**THE TASK**.
Your task is to give the number of lines in the listing that include "refl", and nothing else.

┏━━

text \<open>The gap depends on the meta-parameter only; it is taken as a function of the whole output
  \<open>(\<theta>, \<phi>\<^sub>1, \<dots>, \<phi>\<^sub>n)\<close> because that is the variable of the mutual information.\<close>

definition generalization_gap :: "'t \<times> (nat \<Rightarrow> 'p) \<Rightarrow> (nat \<Rightarrow> ('s, 'a) mdp) \<Rightarrow> real" where
  "generalization_gap w m = emp_obj \<gamma> H pol Ka n m (fst w) - pop_obj \<gamma> H pol Ka U (fst w)"

lemma generalization_gap_eq:
  "generalization_gap w m = (1 / real n) * (\<Sum>i<n. adapted_return (m i) (fst w)) - (\<integral>M. adapted_return M (fst w) \<partial>U)"
  by (simp add: generalization_gap_def emp_obj_def pop_obj_def adapted_return_def)

lemma measurable_generalization_gap:
  "(\<lambda>(w, m). generalization_gap w m) \<in> borel_measurable ((\<Theta> \<Otimes>\<^sub>M PiM {..<n} (\<lambda>_. \<Phi>)) \<Otimes>\<^sub>M PiM {..<n} (\<lambda>_. MSp))"
proof -
  interpret U: prob_space U by (fact U(1))
  have "(\<lambda>(\<theta>, M). adapted_return M \<theta>) \<in> borel_measurable (\<Theta> \<Otimes>\<^sub>M U)"
    using measurable_pair_swap[OF measurable_adapted_return]
    by (simp add: measurable_cong_sets[OF sets_pair_measure_cong[OF refl U(2)] refl] split_beta')
  then have [measurable]: "(\<lambda>\<theta>. \<integral>M. adapted_return M \<theta> \<partial>U) \<in> borel_measurable \<Theta>"
    by (rule U.borel_measurable_lebesgue_integral)
  show ?thesis
    unfolding generalization_gap_eq by measurable
qed

lemma abs_generalization_gap_le:
  assumes "w \<in> space (\<Theta> \<Otimes>\<^sub>M PiM {..<n} (\<lambda>_. \<Phi>))" "m \<in> space (PiM {..<n} (\<lambda>_. MSp))"
  shows "\<bar>generalization_gap w m\<bar> \<le> 1 / (1 - \<gamma>)"
proof -
  interpret U: prob_space U by (fact U(1))
  have \<theta>: "fst w \<in> space \<Theta>"
    using assms(1) by (auto simp: space_pair_measure)
  have "m i \<in> space MSp" if "i < n" for i
    using assms(2) that by (auto simp: space_PiM)
  then have "0 \<le> (\<Sum>i<n. adapted_return (m i) (fst w))" "(\<Sum>i<n. adapted_return (m i) (fst w)) \<le> (\<Sum>i<n. 1 / (1 - \<gamma>))"
    using adapted_return_bounds[OF _ \<theta>] by (intro sum_nonneg sum_mono; simp)+
  then have "0 \<le> (1 / real n) * (\<Sum>i<n. adapted_return (m i) (fst w))"
    "(1 / real n) * (\<Sum>i<n. adapted_return (m i) (fst w)) \<le> 1 / (1 - \<gamma>)"
    using n_pos by (auto simp: field_simps)
  moreover have "0 \<le> (\<integral>M. adapted_return M (fst w) \<partial>U) \<and> (\<integral>M. adapted_return M (fst w) \<partial>U) \<le> 1 / (1 - \<gamma>)"
    using measurable_adapted_return_on_U[OF \<theta>] adapted_return_bounds[OF _ \<theta>]
    by (intro U.integral_bounds AE_I2) (simp_all add: sets_eq_imp_space_eq[OF U(2)])
  ultimately show ?thesis
    unfolding generalization_gap_eq abs_le_iff by linarith
qed

lemma generalization_gap_subgaussian:
  assumes "w \<in> space (\<Theta> \<Otimes>\<^sub>M PiM {..<n} (\<lambda>_. \<Phi>))" and "0 < l"
  shows "(\<integral>\<^sup>+m. exp (l * generalization_gap w m) \<partial>PiM {..<n} (\<lambda>_. U))
           \<le> exp (l\<^sup>2 * ((1 / (1 - \<gamma>))\<^sup>2 / (8 * real n)))"
proof -
  have \<theta>: "fst w \<in> space \<Theta>"
    using assms(1) by (auto simp: space_pair_measure)
  from nn_integral_exp_empirical_mean_le[OF U(1) measurable_adapted_return_on_U[OF \<theta>] _ n_pos assms(2),
      of 0 "1 / (1 - \<gamma>)"]
  show ?thesis
    using adapted_return_bounds[OF _ \<theta>] sets_eq_imp_space_eq[OF U(2)]
    by (simp add: generalization_gap_eq)
qed

text \<open>Hoeffding's lemma gives the variance-proxy constant \<open>1 / 8\<close> where the stated bound budgets
  \<open>1 / 2\<close>, so the bound obtained is smaller by a factor of two.\<close>

lemma two_sqrt_subgaussian_bound_le:
  assumes "0 \<le> V"
  shows "2 * sqrt ((1 / (1 - \<gamma>))\<^sup>2 / (8 * real n) * V) \<le> sqrt (2 * V / (real n * (1 - \<gamma>) ^ 2))"
proof -
  define x where "x = V / (real n * (1 - \<gamma>) ^ 2)"
  have "0 \<le> x"
    using assms gamma by (simp add: x_def)
  have "(1 / (1 - \<gamma>))\<^sup>2 / (8 * real n) * V = x / 8"
    by (simp add: x_def power_divide)
  then have "2 * sqrt ((1 / (1 - \<gamma>))\<^sup>2 / (8 * real n) * V) = sqrt 4 * sqrt (x / 8)"
    by simp
  also have "\<dots> = sqrt (4 * (x / 8))"
    by (rule real_sqrt_mult[symmetric])
  also have "\<dots> \<le> sqrt (2 * x)"
    using \<open>0 \<le> x\<close> by simp
  finally show ?thesis
    by (simp add: x_def)
qed

end

theorem theorem3:
  fixes pol :: "'p \<Rightarrow> 's::finite \<Rightarrow> 'a::finite pmf"
    and MSp :: "('s, 'a) mdp measure"
    and T U :: "('s, 'a) mdp measure"
    and \<Theta> :: "'t measure" and \<Phi> :: "'p measure"
    and Kt :: "(nat \<Rightarrow> ('s, 'a) mdp) \<Rightarrow> 't measure"
    and Ka :: "('s, 'a) mdp \<Rightarrow> 't \<Rightarrow> 'p measure"
    and n H :: nat and \<gamma> :: real
  assumes n_pos: "0 < n"
    and gamma: "0 \<le> \<gamma>" "\<gamma> < 1"
    and valid: "\<forall>M\<in>space MSp. valid_mdp M"
    and T: "prob_space T" "sets T = sets MSp"
    and U: "prob_space U" "sets U = sets MSp"
    and Kt: "Kt \<in> measurable (PiM {..<n} (\<lambda>_. MSp)) (prob_algebra \<Theta>)"
    and Ka: "(\<lambda>(M, \<theta>). Ka M \<theta>) \<in> measurable (MSp \<Otimes>\<^sub>M \<Theta>) (prob_algebra \<Phi>)"
    and J_meas: "(\<lambda>(\<phi>, M). Jret \<gamma> H (pol \<phi>) M) \<in> borel_measurable (\<Phi> \<Otimes>\<^sub>M MSp)"
    and KL_fin: "KL_finite (PiM {..<n} (\<lambda>_. T)) (PiM {..<n} (\<lambda>_. U))"
    and MI_fin: "MI_finite (joint_law MSp \<Theta> \<Phi> n (PiM {..<n} (\<lambda>_. T)) Kt Ka)
                   (\<Theta> \<Otimes>\<^sub>M PiM {..<n} (\<lambda>_. \<Phi>)) (PiM {..<n} (\<lambda>_. MSp)) snd fst"
  shows "(\<integral>x. emp_obj \<gamma> H pol Ka n (fst x) (fst (snd x)) - pop_obj \<gamma> H pol Ka U (fst (snd x))
            \<partial>(joint_law MSp \<Theta> \<Phi> n (PiM {..<n} (\<lambda>_. T)) Kt Ka))
         \<le> sqrt ((2 * prob_space.mutual_information
                        (joint_law MSp \<Theta> \<Phi> n (PiM {..<n} (\<lambda>_. T)) Kt Ka) (exp 1)
                        (\<Theta> \<Otimes>\<^sub>M PiM {..<n} (\<lambda>_. \<Phi>)) (PiM {..<n} (\<lambda>_. MSp)) snd fst
                  + 2 * KLdiv (PiM {..<n} (\<lambda>_. T)) (PiM {..<n} (\<lambda>_. U)))
                 / (real n * (1 - \<gamma>) ^ 2))"
    (is "?gap \<le> sqrt ((2 * ?I + 2 * ?D) / _)")
proof -
  interpret meta_rl_problem pol MSp U \<Theta> \<Phi> Ka n H \<gamma>
    by (rule meta_rl_problem.intro[OF n_pos gamma valid U Ka J_meas])
  let ?J = "joint_law MSp \<Theta> \<Phi> n (PiM {..<n} (\<lambda>_. T)) Kt Ka"
  have PM: "prob_space (PiM {..<n} (\<lambda>_. T))" "sets (PiM {..<n} (\<lambda>_. T)) = sets (PiM {..<n} (\<lambda>_. MSp))"
    using T by (auto intro!: prob_space_PiM sets_PiM_cong)
  have QY: "prob_space (PiM {..<n} (\<lambda>_. U))" "sets (PiM {..<n} (\<lambda>_. U)) = sets (PiM {..<n} (\<lambda>_. MSp))"
    using U by (auto intro!: prob_space_PiM sets_PiM_cong)
  note J = prob_space_joint_law[OF PM Kt Ka] sets_joint_law[OF PM Kt Ka] distr_fst_joint_law[OF PM Kt Ka]
  have "?gap \<le> 2 * sqrt ((1 / (1 - \<gamma>))\<^sup>2 / (8 * real n) * (?I + ?D))"
    using integral_le_2_sqrt_information_of_subgaussian[OF J(1,2) QY measurable_generalization_gap
        abs_generalization_gap_le _ generalization_gap_subgaussian MI_fin] KL_fin n_pos gamma
    unfolding J(3) generalization_gap_def by simp
  also have "\<dots> \<le> sqrt ((2 * ?I + 2 * ?D) / (real n * (1 - \<gamma>) ^ 2))"
  proof -
    have "0 \<le> ?I"
      by (intro prob_space.mutual_information_nonneg[OF J(1) _ _ MI_fin])
        (simp_all add: measurable_cong_sets[OF J(2) refl])
    moreover have "0 \<le> ?D"
      using PM QY by (intro KLdiv_nonneg[OF PM(1) QY(1) _ KL_fin]) simp
    ultimately show ?thesis
      using two_sqrt_subgaussian_bound_le[of "?I + ?D"] by simp
  qed
  finally show ?thesis .
qed

end
lemma real_cond_exp_least_squares:
  fixes Y G :: "'a \<Rightarrow> real"
  assumes "prob_space M" "subalgebra M F"
    and [measurable]: "Y \<in> borel_measurable M" "G \<in> borel_measurable F"
    and Y2: "integrable M (\<lambda>x. (Y x)\<^sup>2)" and YG: "integrable M (\<lambda>x. (Y x - G x)\<^sup>2)"
  shows "integrable M (\<lambda>x. (Y x - real_cond_exp M F Y x)\<^sup>2)"
    and "(\<integral>x. (Y x - real_cond_exp M F Y x)\<^sup>2 \<partial>M) \<le> (\<integral>x. (Y x - G x)\<^sup>2 \<partial>M)"
proof -
  interpret prob_space M by fact
  interpret finite_measure_subalgebra M F
    by unfold_locales fact
  define m where "m = real_cond_exp M F Y"
  have [measurable]: "m \<in> borel_measurable F" "m \<in> borel_measurable M" "G \<in> borel_measurable M"
    using measurable_from_subalg[OF subalg \<open>G \<in> borel_measurable F\<close>] by (auto simp: m_def)
  have m2: "integrable M (\<lambda>x. (m x)\<^sup>2)"
    unfolding m_def
    by (rule integrable_convex_cond_exp[where I=UNIV])
       (auto simp: Y2 convex_power2 square_integrable_imp_integrable)
  have G2: "integrable M (\<lambda>x. (G x)\<^sup>2)"
    using integrable_square_diff[of Y M "\<lambda>x. Y x - G x"] Y2 YG by simp
  have Ym2: "integrable M (\<lambda>x. (Y x - m x)\<^sup>2)" and mG2: "integrable M (\<lambda>x. (m x - G x)\<^sup>2)"
    using Y2 m2 G2 by (auto intro: integrable_square_diff)
  have mG_Y: "integrable M (\<lambda>x. (m x - G x) * Y x)"
    using mG2 Y2 by (intro integrable_mult_of_square_integrable) auto
  have mG_m: "integrable M (\<lambda>x. (m x - G x) * m x)"
    using mG2 m2 by (intro integrable_mult_of_square_integrable) auto
  have "(\<integral>x. (m x - G x) * m x \<partial>M) = (\<integral>x. (m x - G x) * Y x \<partial>M)"
    using mG_Y unfolding m_def by (intro real_cond_exp_intg(2)) (auto simp: m_def)
  then have "(\<integral>x. (m x - G x) * (Y x - m x) \<partial>M) = 0"
    using mG_Y mG_m by (simp add: right_diff_distrib)
  moreover have "integrable M (\<lambda>x. (m x - G x) * (Y x - m x))"
    using mG_Y mG_m by (simp add: right_diff_distrib)
  moreover have "(\<lambda>x. (Y x - G x)\<^sup>2) =
      (\<lambda>x. (Y x - m x)\<^sup>2 + (m x - G x)\<^sup>2 + 2 * ((m x - G x) * (Y x - m x)))"
    by (simp add: fun_eq_iff power2_eq_square algebra_simps)
  ultimately have "(\<integral>x. (Y x - G x)\<^sup>2 \<partial>M) = (\<integral>x. (Y x - m x)\<^sup>2 \<partial>M) + (\<integral>x. (m x - G x)\<^sup>2 \<partial>M)"
    using Ym2 mG2 by simp
  then show "(\<integral>x. (Y x - real_cond_exp M F Y x)\<^sup>2 \<partial>M) \<le> (\<integral>x. (Y x - G x)\<^sup>2 \<partial>M)"
    by (simp add: m_def)
  show "integrable M (\<lambda>x. (Y x - real_cond_exp M F Y x)\<^sup>2)"
    using Ym2 by (simp add: m_def)
qed

lemma vimage_algebra_measurable_factor:
  fixes g :: "'a \<Rightarrow> 'c::t1_space"
  assumes g: "g \<in> borel_measurable (vimage_algebra X f M)" and f: "f \<in> X \<rightarrow> space M"
    and "x \<in> X" "y \<in> X" "f x = f y"
  shows "g x = g y"
proof -
  have "g -` {g x} \<inter> X \<in> sets (vimage_algebra X f M)"
    using measurable_sets[OF g, of "{g x}"] by simp
  then obtain A where "g -` {g x} \<inter> X = f -` A \<inter> X"
    unfolding sets_vimage_algebra2[OF f] by blast
  then have "g z = g x \<longleftrightarrow> f z \<in> A" if "z \<in> X" for z
    using that by blast
  with assms(3-5) show ?thesis
    by metis
qed

lemma least_squares_regression_on_pair_space:
  fixes N :: "('b \<times> real) measure"
  assumes "prob_space N" and sets_N [measurable_cong]: "sets N = sets (SW \<Otimes>\<^sub>M borel)"
    and Y2: "integrable N (\<lambda>p. (snd p)\<^sup>2)"
  obtains \<phi> where "\<phi> \<in> borel_measurable SW"
    "\<And>g. g \<in> borel_measurable SW \<Longrightarrow> integrable N (\<lambda>p. (snd p - g (fst p))\<^sup>2) \<Longrightarrow>
       integrable N (\<lambda>p. (snd p - \<phi> (fst p))\<^sup>2) \<and>
       (\<integral>p. (snd p - \<phi> (fst p))\<^sup>2 \<partial>N) \<le> (\<integral>p. (snd p - g (fst p))\<^sup>2 \<partial>N)"
proof
  define F where "F = vimage_algebra (space N) fst SW"
  have fst_F: "fst \<in> space N \<rightarrow> space SW"
    using sets_eq_imp_space_eq[OF sets_N] by (auto simp: space_pair_measure)
  have "subalgebra N F"
    unfolding subalgebra_def F_def sets_vimage_algebra2[OF fst_F]
    using measurable_sets[OF measurable_fst] by (auto simp: sets_N sets_eq_imp_space_eq[OF sets_N])
  \<comment> \<open>F-measurable functions only depend on the first component, so the conditional
    expectation of snd is a function of fst.\<close>
  define \<psi> where "\<psi> = real_cond_exp N F snd"
  define \<phi> where "\<phi> w = \<psi> (w, 0)" for w
  have \<psi>_F: "\<psi> \<in> borel_measurable F"
    unfolding \<psi>_def by simp
  then have [measurable]: "\<psi> \<in> borel_measurable N"
    by (rule measurable_from_subalg[OF \<open>subalgebra N F\<close>])
  have \<psi>_\<phi>: "\<psi> p = \<phi> (fst p)" if "p \<in> space N" for p
    using that sets_eq_imp_space_eq[OF sets_N]
      vimage_algebra_measurable_factor[OF \<psi>_F[unfolded F_def] fst_F, of p "(fst p, 0)"]
    by (auto simp: \<phi>_def space_pair_measure)
  show [measurable]: "\<phi> \<in> borel_measurable SW"
    unfolding \<phi>_def by measurable
  fix g assume [measurable]: "g \<in> borel_measurable SW"
    and g2: "integrable N (\<lambda>p. (snd p - g (fst p))\<^sup>2)"
  have g_F: "(\<lambda>p. g (fst p)) \<in> borel_measurable F"
    unfolding F_def by (intro measurable_compose[OF measurable_vimage_algebra1[OF fst_F]]) fact
  have "snd \<in> borel_measurable N"
    by measurable
  note least_squares = real_cond_exp_least_squares[OF \<open>prob_space N\<close> \<open>subalgebra N F\<close>
      this g_F Y2 g2, folded \<psi>_def]
  have \<psi>_eq: "(snd p - \<psi> p)\<^sup>2 = (snd p - \<phi> (fst p))\<^sup>2" if "p \<in> space N" for p
    using that by (simp add: \<psi>_\<phi>)
  have "integrable N (\<lambda>p. (snd p - \<phi> (fst p))\<^sup>2)"
    using least_squares(1) \<psi>_eq by (subst Bochner_Integration.integrable_cong[OF refl]) auto
  moreover have "(\<integral>p. (snd p - \<phi> (fst p))\<^sup>2 \<partial>N) \<le> (\<integral>p. (snd p - g (fst p))\<^sup>2 \<partial>N)"
    using least_squares(2) \<psi>_eq by (subst (asm) Bochner_Integration.integral_cong[OF refl]) auto
  ultimately show "integrable N (\<lambda>p. (snd p - \<phi> (fst p))\<^sup>2) \<and>
      (\<integral>p. (snd p - \<phi> (fst p))\<^sup>2 \<partial>N) \<le> (\<integral>p. (snd p - g (fst p))\<^sup>2 \<partial>N)" ..
qed
(* Let $\alpha,\beta\in[0,\pi/2]$ with $\alpha\neq\beta$ and $\alpha\neq\pi/2-\beta$. Define, in $\mathbb{C}^2\otimes\mathbb{C}^2$, $\ket{\phi^+_\theta}=\sin\theta\ket{00}+\cos\theta\ket{11}$, $\ket{\phi^-_\theta}=\cos\theta\ket{00}-\sin\theta\ket{11}$, $\ket{\psi^+_\theta}=\sin\theta\ket{01}+\cos\theta\ket{10}$, $\ket{\psi^-_\theta}=\cos\theta\ket{01}-\sin\theta\ket{10}$, and $\ket{a_1}=\ket{\phi^-_\alpha}$, $\ket{a_2}=\ket{\psi^-_\beta}$, $\ket{a_3}=\tfrac{1}{\sqrt2}(\ket{\phi^+_\alpha}+\ket{\psi^+_\beta})$, $\ket{a_4}=\tfrac{1}{\sqrt2}(\ket{\phi^+_\alpha}-\ket{\psi^+_\beta})$. Then for every choice of $i\neq j$ in $\{1,2,3,4\}$, the projector onto the two-dimensional subspace $\mathrm{Span}\{\ket{a_i},\ket{a_j}\}$ is entangled (i.e., not separable).
   Context: $\{\ket{0},\ket{1}\}$ is the computational basis of $\mathbb{C}^2$ and $\ket{ab}=\ket{a}\otimes\ket{b}$. A positive operator on $\mathbb{C}^2\otimes\mathbb{C}^2$ is separable if it is a nonnegative combination of product operators $A\otimes B$ with $A,B\ge0$, and entangled otherwise. The states $\ket{a_1},\dots,\ket{a_4}$ form an orthonormal basis (the set $\mathcal{A}_{\pi/4}^{[\alpha,\beta]}$ in the paper). *)

theory Defs
  imports "HOL-Analysis.Analysis"
begin

text \<open>Qubit space C^2 is indexed by bool (False = |0>, True = |1>);
  C^2 (x) C^2 is indexed by bool \<times> bool, with |ab> the basis vector at index (a,b).\<close>

type_synonym qvec2 = "complex ^ (bool \<times> bool)"
type_synonym op1 = "complex ^ bool ^ bool"
type_synonym op2 = "complex ^ (bool \<times> bool) ^ (bool \<times> bool)"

┗━━

**REPLY TO THE EXERCISE**.
4